**Source material:**
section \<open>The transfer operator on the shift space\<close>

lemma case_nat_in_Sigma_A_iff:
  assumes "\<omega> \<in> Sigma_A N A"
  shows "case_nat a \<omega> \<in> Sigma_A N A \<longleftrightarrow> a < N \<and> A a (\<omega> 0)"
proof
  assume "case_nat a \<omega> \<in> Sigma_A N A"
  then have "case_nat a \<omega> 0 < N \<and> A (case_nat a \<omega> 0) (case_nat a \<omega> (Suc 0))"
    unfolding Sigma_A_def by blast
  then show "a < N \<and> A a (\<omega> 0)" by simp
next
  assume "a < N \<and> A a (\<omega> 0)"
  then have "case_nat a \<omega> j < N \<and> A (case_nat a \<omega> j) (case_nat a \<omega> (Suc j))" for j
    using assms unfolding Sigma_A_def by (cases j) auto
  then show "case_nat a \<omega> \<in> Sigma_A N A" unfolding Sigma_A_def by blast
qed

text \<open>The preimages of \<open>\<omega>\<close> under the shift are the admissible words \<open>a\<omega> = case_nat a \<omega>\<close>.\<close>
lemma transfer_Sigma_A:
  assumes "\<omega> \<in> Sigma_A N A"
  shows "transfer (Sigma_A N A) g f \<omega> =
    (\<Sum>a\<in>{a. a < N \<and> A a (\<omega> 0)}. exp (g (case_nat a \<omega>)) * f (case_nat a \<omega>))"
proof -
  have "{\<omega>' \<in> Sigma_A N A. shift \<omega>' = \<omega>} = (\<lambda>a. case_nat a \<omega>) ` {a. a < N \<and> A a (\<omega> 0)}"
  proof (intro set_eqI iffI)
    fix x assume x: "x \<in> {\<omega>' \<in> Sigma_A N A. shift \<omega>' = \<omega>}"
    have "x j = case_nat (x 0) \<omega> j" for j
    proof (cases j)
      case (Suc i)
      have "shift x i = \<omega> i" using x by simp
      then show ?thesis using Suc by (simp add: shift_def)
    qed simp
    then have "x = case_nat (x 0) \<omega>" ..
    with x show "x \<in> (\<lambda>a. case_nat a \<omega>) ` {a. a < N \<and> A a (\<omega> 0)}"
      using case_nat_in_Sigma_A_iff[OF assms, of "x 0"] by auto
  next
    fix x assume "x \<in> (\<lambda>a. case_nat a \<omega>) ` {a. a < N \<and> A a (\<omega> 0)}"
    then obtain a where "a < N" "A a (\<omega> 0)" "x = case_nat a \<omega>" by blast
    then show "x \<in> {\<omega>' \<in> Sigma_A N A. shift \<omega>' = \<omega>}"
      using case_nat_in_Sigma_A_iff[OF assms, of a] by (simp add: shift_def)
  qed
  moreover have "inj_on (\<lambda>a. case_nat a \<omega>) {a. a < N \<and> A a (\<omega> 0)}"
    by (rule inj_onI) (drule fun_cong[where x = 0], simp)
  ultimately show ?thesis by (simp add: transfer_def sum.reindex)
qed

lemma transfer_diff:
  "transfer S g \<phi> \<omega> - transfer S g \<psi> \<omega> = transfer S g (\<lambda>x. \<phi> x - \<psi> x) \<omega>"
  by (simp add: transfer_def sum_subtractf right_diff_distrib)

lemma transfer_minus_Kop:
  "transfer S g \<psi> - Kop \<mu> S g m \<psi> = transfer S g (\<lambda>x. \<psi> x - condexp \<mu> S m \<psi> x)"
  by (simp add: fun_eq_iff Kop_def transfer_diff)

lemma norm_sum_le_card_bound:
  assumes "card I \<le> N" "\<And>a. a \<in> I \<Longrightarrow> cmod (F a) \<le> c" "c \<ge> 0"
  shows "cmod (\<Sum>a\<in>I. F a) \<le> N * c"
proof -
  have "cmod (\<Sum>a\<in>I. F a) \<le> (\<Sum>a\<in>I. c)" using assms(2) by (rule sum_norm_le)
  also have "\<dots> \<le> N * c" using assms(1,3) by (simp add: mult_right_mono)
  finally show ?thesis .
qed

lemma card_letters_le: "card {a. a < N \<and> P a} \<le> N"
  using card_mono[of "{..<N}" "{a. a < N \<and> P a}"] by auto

...

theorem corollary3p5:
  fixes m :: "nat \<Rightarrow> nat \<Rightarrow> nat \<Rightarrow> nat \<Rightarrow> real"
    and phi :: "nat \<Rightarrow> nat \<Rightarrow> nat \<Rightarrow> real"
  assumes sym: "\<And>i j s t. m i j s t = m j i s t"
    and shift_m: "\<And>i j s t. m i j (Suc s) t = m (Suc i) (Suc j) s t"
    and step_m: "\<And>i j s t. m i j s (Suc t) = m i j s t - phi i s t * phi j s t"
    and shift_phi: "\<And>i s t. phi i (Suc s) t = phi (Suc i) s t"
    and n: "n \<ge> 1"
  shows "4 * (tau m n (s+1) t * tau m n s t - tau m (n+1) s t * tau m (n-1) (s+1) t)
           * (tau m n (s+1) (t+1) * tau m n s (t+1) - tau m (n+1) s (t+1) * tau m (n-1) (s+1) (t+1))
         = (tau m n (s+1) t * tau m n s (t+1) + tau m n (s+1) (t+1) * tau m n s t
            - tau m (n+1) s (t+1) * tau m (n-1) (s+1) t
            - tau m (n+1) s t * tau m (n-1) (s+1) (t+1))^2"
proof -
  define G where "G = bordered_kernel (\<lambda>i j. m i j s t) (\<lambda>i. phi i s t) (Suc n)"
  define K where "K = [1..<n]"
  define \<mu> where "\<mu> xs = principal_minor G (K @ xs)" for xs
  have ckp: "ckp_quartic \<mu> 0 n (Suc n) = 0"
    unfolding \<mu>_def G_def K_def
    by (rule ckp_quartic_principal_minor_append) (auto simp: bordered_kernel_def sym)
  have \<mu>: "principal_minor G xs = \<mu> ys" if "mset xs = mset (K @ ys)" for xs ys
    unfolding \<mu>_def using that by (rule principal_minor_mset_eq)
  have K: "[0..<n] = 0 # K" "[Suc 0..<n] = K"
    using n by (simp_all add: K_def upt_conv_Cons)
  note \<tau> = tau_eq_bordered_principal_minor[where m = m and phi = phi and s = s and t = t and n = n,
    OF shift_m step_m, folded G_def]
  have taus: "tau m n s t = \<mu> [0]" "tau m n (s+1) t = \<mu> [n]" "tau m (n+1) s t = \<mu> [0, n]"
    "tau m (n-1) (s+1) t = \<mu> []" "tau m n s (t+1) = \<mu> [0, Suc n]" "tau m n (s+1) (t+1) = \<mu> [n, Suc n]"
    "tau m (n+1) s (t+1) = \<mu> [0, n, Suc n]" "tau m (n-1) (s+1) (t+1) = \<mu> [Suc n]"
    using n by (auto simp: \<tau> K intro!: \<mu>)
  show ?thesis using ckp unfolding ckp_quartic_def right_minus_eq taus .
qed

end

**Prompt:**
Your answer should be the lines above from the one containing "j s (Suc t)" through the one containing "(n-1) (s+1) t)", copied exactly and with both ends kept.

**Result of this task:**
    and step_m: "\<And>i j s t. m i j s (Suc t) = m i j s t - phi i s t * phi j s t"
    and shift_phi: "\<And>i s t. phi i (Suc s) t = phi (Suc i) s t"
    and n: "n \<ge> 1"
  shows "4 * (tau m n (s+1) t * tau m n s t - tau m (n+1) s t * tau m (n-1) (s+1) t)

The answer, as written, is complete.